La jeune femme soupira. Elle prit congé de sa mère, songeant que cette dernière avait au moins réussi une chose, puisqu’elle lui avait passé ce flambeau. […] Elle avait fait ce qu’elle avait pu. Sa démarche était trop isolée, dans un environnement d’anciens captifs atteints du syndrome de Stockholm. Ils étaient amoureux de leurs tortionnaires. Même quand ils prétendaient les détester, ils ne tournaient leurs regards que vers eux. La descendance des maîtres en avait conscience. Elle se gaussait. Pour pimenter le jeu, elle offrait quelques strapontins, évoquait la discrimination positive. Rien qui lui coûte. […] Il n’y avait pas de Kémites, au conseil d’administration des grandes banques, […], pas de Kémites à la tête des grands partis, quel que soit leur bord. Pas l’ombre d’un Kémite, pour porter la parole des syndicats importants, […]. Bien sûr, il y en aurait à la télévision. Sous peu ils seraient même légion. Qu’avait-on à craindre d’eux ? Ils n’avaient rien à imposer : leurs religions, leurs noms, leur mode de pensée, étaient maintenant empruntés aux autres. […] L’âme kémite était désormais un logiciel infesté de virus : division, méconnaissance de soi, acceptation de l’injure comme vérité.
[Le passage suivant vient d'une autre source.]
(* Let $G$ be a bipartite graph with vertex classes $(A,B)$ and density $d=d_G(A,B)$, and let $\mathcal A=\{A_i\}_i$ and $\mathcal B=\{B_j\}_j$ be partitions of $A$ and $B$ respectively such that $\mathcal A\cup\mathcal B$ is weak $\epsilon$-regular in the following sense: for every $S\subseteq A$, $T\subseteq B$ with $|S|\ge\epsilon|A|$, $|T|\ge\epsilon|B|$, writing $S_i=S\cap A_i$, $T_j=T\cap B_j$ and $d_{i,j}=d_G(A_i,B_j)$, $$\sum_{i,j}\frac{|S_i||T_j|}{|S||T|}\,\big|d_G(S_i,T_j)-d_{i,j}\big|\le\epsilon .$$ If $|A|,|B|\ge 8/\epsilon^4$, then one can turn $G$ into a bipartite graph $\widetilde G$ on the same vertex classes for which $(A,B)$ is a $2\epsilon$-regular pair, by adding/removing at most $\Delta$ edges between $A$ and $B$, where $$\Delta=\sum_{i,j}|d_{i,j}-d|\,|A_i||B_j| .$$
   Context: $e_G(X,Y)$ is the number of pairs $(u,v)\in X\times Y$ with $uv\in E(G)$, $d_G(X,Y)=e_G(X,Y)/(|X||Y|)$ (taken as $0$ when $X$ or $Y$ is empty). A pair $(A,B)$ is $\epsilon$-regular if $|d(A,B)-d(A',B')|\le\epsilon$ for all $A'\subseteq A$, $B'\subseteq B$ with $|A'|\ge\epsilon|A|$, $|B'|\ge\epsilon|B|$. *)

theory Defs
  imports Main "HOL-Library.Disjoint_Sets" Complex_Main
begin

(* A bipartite graph with vertex classes A, B is given by its edge set E \<subseteq> A \<times> B;
   (u,v) \<in> E means uv is an edge with u \<in> A, v \<in> B. *)

definition e_G :: "('a \<times> 'a) set \<Rightarrow> 'a set \<Rightarrow> 'a set \<Rightarrow> nat" where
  "e_G E X Y = card {p \<in> X \<times> Y. p \<in> E}"

definition d_G :: "('a \<times> 'a) set \<Rightarrow> 'a set \<Rightarrow> 'a set \<Rightarrow> real" where
  "d_G E X Y = (if X = {} \<or> Y = {} then 0
                else real (e_G E X Y) / (real (card X) * real (card Y)))"

definition eps_regular :: "('a \<times> 'a) set \<Rightarrow> real \<Rightarrow> 'a set \<Rightarrow> 'a set \<Rightarrow> bool" where
  "eps_regular E \<epsilon> A B \<longleftrightarrow>
     (\<forall>A' B'. A' \<subseteq> A \<and> B' \<subseteq> B \<and> real (card A') \<ge> \<epsilon> * real (card A)
        \<and> real (card B') \<ge> \<epsilon> * real (card B)
        \<longrightarrow> \<bar>d_G E A B - d_G E A' B'\<bar> \<le> \<epsilon>)"

definition weak_regular :: "('a \<times> 'a) set \<Rightarrow> real \<Rightarrow> 'a set \<Rightarrow> 'a set \<Rightarrow> 'a set set \<Rightarrow> 'a set set \<Rightarrow> bool" where
  "weak_regular E \<epsilon> A B \<A> \<B> \<longleftrightarrow>
     (\<forall>S T. S \<subseteq> A \<and> T \<subseteq> B \<and> real (card S) \<ge> \<epsilon> * real (card A)
        \<and> real (card T) \<ge> \<epsilon> * real (card B) \<longrightarrow>
        (\<Sum>Ai\<in>\<A>. \<Sum>Bj\<in>\<B>.
           real (card (S \<inter> Ai)) * real (card (T \<inter> Bj)) / (real (card S) * real (card T))
           * \<bar>d_G E (S \<inter> Ai) (T \<inter> Bj) - d_G E Ai Bj\<bar>) \<le> \<epsilon>)"

end

theory Submission
  imports Defs "HOL-Probability.Hoeffding"
begin

text \<open>
  Modify \<open>G\<close> at random, independently for every pair \<open>(a, b) \<in> A \<times> B\<close>, with a probability that
  depends only on the block \<open>A\<^sub>i \<times> B\<^sub>j\<close> containing the pair and on whether it is an edge: in a block
  of density \<open>\<delta> > d\<close> edges are deleted, in one with \<open>\<delta> < d\<close> non-edges are added, so that the
  expected density of the block becomes \<open>d + \<eta> (\<delta> - d)\<close> at expected cost \<open>(1 - \<eta>) |\<delta> - d|\<close> per
  pair; take \<open>\<eta> = \<epsilon>/2\<close>. By weak regularity, the expected number of edges between any large
  \<open>S, T\<close> is then within \<open>(\<eta> + \<epsilon>) |S| |T|\<close> of \<open>d |S| |T|\<close>, and between \<open>A\<close> and \<open>B\<close> it is exactly
  \<open>d |A| |B|\<close>. If \<open>\<Delta> > 4 \<epsilon>\<^sup>3 |A| |B|\<close>, Hoeffding's inequality and a union bound over the at most
  \<open>2\<^bsup>|A| + |B|\<^esup>\<close> pairs \<open>(S, T)\<close> (this is where \<open>|A|, |B| \<ge> 8 / \<epsilon>\<^sup>4\<close> is used) give an outcome that is
  within \<open>\<epsilon>/4 |S| |T|\<close> of these expectations everywhere and costs less than \<open>\<Delta>\<close>. If
  \<open>\<Delta> \<le> 4 \<epsilon>\<^sup>3 |A| |B|\<close>, the same estimate with \<open>\<eta> = 1\<close> shows that \<open>G\<close> itself is \<open>2\<epsilon>\<close>-regular.
\<close>

lemma e_G_eq_card_Int: "e_G E X Y = card (X \<times> Y \<inter> E)"
  unfolding e_G_def by (simp add: Int_def)

lemma e_G_eq_d_G_mult:
  "finite X \<Longrightarrow> finite Y \<Longrightarrow> real (e_G E X Y) = d_G E X Y * card X * card Y"
  unfolding d_G_def by (auto simp: e_G_def)

lemma d_G_nonneg [simp]: "0 \<le> d_G E X Y"
  unfolding d_G_def by auto

lemma d_G_le_1 [simp]: "d_G E X Y \<le> 1"
proof (cases "finite X \<and> finite Y \<and> X \<noteq> {} \<and> Y \<noteq> {}")
  case True
  then have "e_G E X Y \<le> card (X \<times> Y)"
    unfolding e_G_eq_card_Int by (intro card_mono) auto
  then have "real (e_G E X Y) \<le> real (card X) * real (card Y)"
    by (metis card_cartesian_product of_nat_le_iff of_nat_mult)
  with True show ?thesis
    unfolding d_G_def by (auto simp: divide_le_eq_1 card_gt_0_iff)
qed (auto simp: d_G_def)

lemma abs_d_G_diff_le:
  fixes d c :: real
  assumes "finite X" "finite Y" "X \<noteq> {}" "Y \<noteq> {}"
    and "\<bar>real (e_G E X Y) - d * (card X * card Y)\<bar> \<le> c * (card X * card Y)"
  shows "\<bar>d_G E X Y - d\<bar> \<le> c"
proof -
  have n: "real (card X * card Y) > 0"
    using assms(1-4) by (simp add: card_gt_0_iff)
  have "real (e_G E X Y) - d * (card X * card Y) = (d_G E X Y - d) * (card X * card Y)"
    by (simp add: e_G_eq_d_G_mult assms(1,2) algebra_simps)
  then have "\<bar>d_G E X Y - d\<bar> * (card X * card Y) = \<bar>real (e_G E X Y) - d * (card X * card Y)\<bar>"
    by (simp add: abs_mult)
  with assms(5) n show ?thesis
    by (metis mult_le_cancel_right_pos of_nat_mult)
qed

lemma eps_regular_if_ge_1: "1 \<le> \<epsilon> \<Longrightarrow> eps_regular E \<epsilon> A B"
  unfolding eps_regular_def
  using d_G_nonneg d_G_le_1 by (smt (verit))

lemma sum_partition_on:
  assumes "finite A" "partition_on A P" "S \<subseteq> A"
  shows "sum f S = (\<Sum>X\<in>P. sum f (S \<inter> X))"
proof -
  have "S = (\<Union>X\<in>P. S \<inter> X)"
    using assms(2,3) partition_onD1 by fastforce
  also have "sum f \<dots> = (\<Sum>X\<in>P. sum f (S \<inter> X))"
    using assms partition_onD2[OF assms(2)] finite_elements[OF assms(1,2)]
    by (intro sum.UNION_disjoint) (auto simp: disjoint_def intro: finite_subset)
  finally show ?thesis .
qed

lemma sum_product_partition:
  assumes "finite A" "finite B" "partition_on A \<A>" "partition_on B \<B>" "S \<subseteq> A" "T \<subseteq> B"
  shows "(\<Sum>p\<in>S \<times> T. f p) = (\<Sum>X\<in>\<A>. \<Sum>Y\<in>\<B>. \<Sum>p\<in>(S \<inter> X) \<times> (T \<inter> Y). f p)"
proof -
  have "(\<Sum>p\<in>S \<times> T. f p) = (\<Sum>a\<in>S. \<Sum>b\<in>T. f (a, b))"
    by (simp add: sum.cartesian_product)
  also have "\<dots> = (\<Sum>X\<in>\<A>. \<Sum>a\<in>S \<inter> X. \<Sum>Y\<in>\<B>. \<Sum>b\<in>T \<inter> Y. f (a, b))"
    by (simp only: sum_partition_on[OF assms(1,3,5)] sum_partition_on[OF assms(2,4,6)])
  also have "\<dots> = (\<Sum>X\<in>\<A>. \<Sum>Y\<in>\<B>. \<Sum>p\<in>(S \<inter> X) \<times> (T \<inter> Y). f p)"
    by (simp add: sum.swap[where B = \<B>] sum.cartesian_product)
  finally show ?thesis .
qed

lemma sum_split_membership:
  fixes g :: "bool \<Rightarrow> real"
  assumes "finite K"
  shows "(\<Sum>p\<in>K. g (p \<in> C)) = g True * card (K \<inter> C) + g False * card (K - C)"
proof -
  have "(\<Sum>p\<in>K. g (p \<in> C)) = (\<Sum>p\<in>K \<inter> C. g True) + (\<Sum>p\<in>K - C. g False)"
    using assms by (subst sum.Int_Diff[of _ _ C]) (auto intro: sum.cong)
  then show ?thesis by simp
qed

definition part_of :: "'a set set \<Rightarrow> 'a \<Rightarrow> 'a set" where
  "part_of P x = (THE X. X \<in> P \<and> x \<in> X)"

lemma part_of_eq: "partition_on A P \<Longrightarrow> X \<in> P \<Longrightarrow> x \<in> X \<Longrightarrow> part_of P x = X"
  unfolding part_of_def
  by (rule the_equality) (use partition_onD2[of A P] in \<open>auto simp: disjoint_def\<close>)

lemma Pi_bernoulli_Hoeffding:
  fixes q :: "'p \<Rightarrow> real" and h :: "'p \<Rightarrow> bool \<Rightarrow> real"
  assumes P: "finite P" and I: "I \<subseteq> P" "I \<noteq> {}"
    and q: "\<And>p. p \<in> P \<Longrightarrow> q p \<in> {0..1}"
    and h: "\<And>p b. p \<in> I \<Longrightarrow> h p b \<in> {0..1}" and t: "0 \<le> t"
  defines "M \<equiv> Pi_pmf P False (\<lambda>p. bernoulli_pmf (q p))"
    and "\<mu> \<equiv> \<Sum>p\<in>I. h p True * q p + h p False * (1 - q p)"
  shows "measure_pmf.prob M {\<omega>. \<mu> + t \<le> (\<Sum>p\<in>I. h p (\<omega> p))} \<le> exp (- 2 * t\<^sup>2 / card I)"
    and "measure_pmf.prob M {\<omega>. t \<le> \<bar>(\<Sum>p\<in>I. h p (\<omega> p)) - \<mu>\<bar>} \<le> 2 * exp (- 2 * t\<^sup>2 / card I)"
proof -
  have finI: "finite I"
    using P I(1) finite_subset by blast
  have expectation: "measure_pmf.expectation M (\<lambda>\<omega>. h p (\<omega> p)) = h p True * q p + h p False * (1 - q p)"
    if "p \<in> I" for p
  proof -
    have "map_pmf (\<lambda>\<omega>. \<omega> p) M = bernoulli_pmf (q p)"
      unfolding M_def using that I P by (subst Pi_pmf_component) auto
    then have "measure_pmf.expectation M (\<lambda>\<omega>. h p (\<omega> p)) = measure_pmf.expectation (bernoulli_pmf (q p)) (h p)"
      by (metis integral_map_pmf)
    then show ?thesis
      using q[of p] that I by auto
  qed
  interpret Hoeffding_ineq "measure_pmf M" I "\<lambda>p \<omega>. h p (\<omega> p)" "\<lambda>_. 0" "\<lambda>_. 1" \<mu>
  proof unfold_locales
    show "prob_space.indep_vars (measure_pmf M) (\<lambda>_. borel) (\<lambda>p \<omega>. h p (\<omega> p)) I"
      unfolding M_def
      by (intro prob_space.indep_vars_compose2[OF _ prob_space.indep_vars_subset[OF _ indep_vars_Pi_pmf[OF P] I(1)]])
         (auto simp: measure_pmf.prob_space_axioms)
  qed (use finI h expectation in \<open>auto simp: \<mu>_def\<close>)
  have "0 < (\<Sum>p\<in>I. (1 - 0 :: real)\<^sup>2)"
    using finI I(2) by (simp add: card_gt_0_iff)
  from Hoeffding_ineq_ge[OF t this] Hoeffding_ineq_abs_ge[OF t this]
  show "measure_pmf.prob M {\<omega>. \<mu> + t \<le> (\<Sum>p\<in>I. h p (\<omega> p))} \<le> exp (- 2 * t\<^sup>2 / card I)"
    and "measure_pmf.prob M {\<omega>. t \<le> \<bar>(\<Sum>p\<in>I. h p (\<omega> p)) - \<mu>\<bar>} \<le> 2 * exp (- 2 * t\<^sup>2 / card I)"
    by simp_all
qed

lemma union_bound_estimate:
  fixes \<epsilon> :: real and m n :: nat
  assumes \<epsilon>: "0 < \<epsilon>" "\<epsilon> \<le> 1" and m: "8 / \<epsilon>^4 \<le> m" and n: "8 / \<epsilon>^4 \<le> n"
  shows "2 ^ (m + n) * (2 * exp (- (\<epsilon>^4 * (m * n) / 2))) + exp (- (8 * \<epsilon>^8 * (m * n))) < 1"
proof -
  have m': "8 \<le> \<epsilon>^4 * m" and n': "8 \<le> \<epsilon>^4 * n"
    using \<epsilon> m n by (simp_all add: field_simps)
  have "\<epsilon>^4 \<le> 1"
    using \<epsilon> by (simp add: power_le_one)
  then have "\<epsilon>^4 * m \<le> m" "\<epsilon>^4 * n \<le> n"
    by (simp_all add: mult_left_le_one_le)
  have "8 * m \<le> \<epsilon>^4 * (m * n)" "8 * n \<le> \<epsilon>^4 * (m * n)"
    using mult_right_mono[OF m', of n] mult_right_mono[OF n', of m] by (simp_all add: algebra_simps)
  then have exponent: "2 * (m + n) \<le> \<epsilon>^4 * (m * n) / 2"
    by simp
  have "(2::real) ^ (m + n) \<le> exp 1 ^ (m + n)"
    using exp_ge_add_one_self[of 1] by (intro power_mono) auto
  then have "(2::real) ^ (m + n) \<le> exp (m + n)"
    by (simp add: exp_of_nat_mult[symmetric])
  then have "2 ^ (m + n) * (2 * exp (- (\<epsilon>^4 * (m * n) / 2))) \<le> exp (m + n) * (2 * exp (- (2 * (m + n))))"
    using exponent by (intro mult_mono) auto
  also have "\<dots> = 2 * exp (- (m + n))"
    by (simp add: mult.left_commute[of "exp _"] exp_add[symmetric])
  also have "\<dots> \<le> 2 * exp (- 16)"
    using \<open>\<epsilon>^4 * m \<le> m\<close> \<open>\<epsilon>^4 * n \<le> n\<close> m' n' by simp
  also have "\<dots> < 1/2"
    using exp_ge_add_one_self[of 16] by (simp add: exp_minus field_simps)
  finally have first: "2 ^ (m + n) * (2 * exp (- (\<epsilon>^4 * (m * n) / 2))) < 1/2" .
  have "64 \<le> (\<epsilon>^4 * m) * (\<epsilon>^4 * n)"
    using mult_mono[OF m' n'] by simp
  then have "2 \<le> 8 * \<epsilon>^8 * (m * n)"
    by (simp add: algebra_simps power_add[symmetric])
  then have "exp (- (8 * \<epsilon>^8 * (m * n))) \<le> exp (- 2)"
    by simp
  also have "\<dots> < 1/2"
    using exp_ge_add_one_self[of 2] by (simp add: exp_minus field_simps)
  finally show ?thesis
    using first by simp
qed

definition del_prob :: "real \<Rightarrow> real \<Rightarrow> real \<Rightarrow> real" where
  "del_prob \<eta> d \<delta> = (if d < \<delta> then (1 - \<eta>) * (\<delta> - d) / \<delta> else 0)"

definition add_prob :: "real \<Rightarrow> real \<Rightarrow> real \<Rightarrow> real" where
  "add_prob \<eta> d \<delta> = (if \<delta> < d then (1 - \<eta>) * (d - \<delta>) / (1 - \<delta>) else 0)"

context
  fixes \<eta> d \<delta> :: real
  assumes \<eta>: "0 \<le> \<eta>" "\<eta> \<le> 1" and d: "0 \<le> d" "d \<le> 1" and \<delta>: "0 \<le> \<delta>" "\<delta> \<le> 1"
begin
Par exemple, on avait fait tout un tapage, autour de la présentation du journal télévisé du soir par un Kémite. On n’avait pas précisé qu’il était temps. Après que le troisième millénaire entamait sa première enjambée, on faisait un barouf de tous les diables à propos de l’événement. Un journaliste noir. On ne savait même pas que cela pouvait exister. Le soir de la première, puisqu’il était question de spectacle, les Kémites d’ici avaient retenu leur souffle, croisé les doigts, fait brûlé des cierges. Pourvu qu’il soit bon. Qu’il fasse honneur à la couleur. Il avait tenu le pari. Le frangin était bien formé, compétent, très à l’aise. Il avait du métier, il était prêt, méritait sa place, montrait que les siens étaient des égaux des autres. En principe, l’évolution des espèces demandait du temps. Or, au bout de quelques générations seulement, les Kémites étaient déjà au niveau. C’était une performance. Il fallait la saluer : le nègre, enfin homme devenu. […] Ce n’était pas ce qu’Amandla avait vu. Son attention s’était fixée sur toutes les autres choses. Celles que personne d’autre ne semblait avoir notées. Le frangin était beau. Traits réguliers, nez présentable, raisonnablement lippu. Même le noir de sa peau avait une sorte de flamboyance. Il ne s’agissait pas d’une de ces carnations sombres, charbonneuses, repoussantes. Par ailleurs c’était l’été. La doublure estivale pouvait être un bel homme noir. La saison autorisait la détente, un brin de folie. Les beaux jours étaient passés, il avait bien fallu que la rentrée arrive, que le sérieux reprenne le dessus. Le frangin bien formé, compétent, avait dû exercer ses talents en binôme, sur d’autres programmes que le prestigieux 20 heures. […] On n’était toujours pas prêt à confier une émission importante à un homme noir. Dans cette société patriarcale, cette impossibilité avait un sens. Le maître de céans, l’homme blanc, conservait son rang, ses prérogatives. […] »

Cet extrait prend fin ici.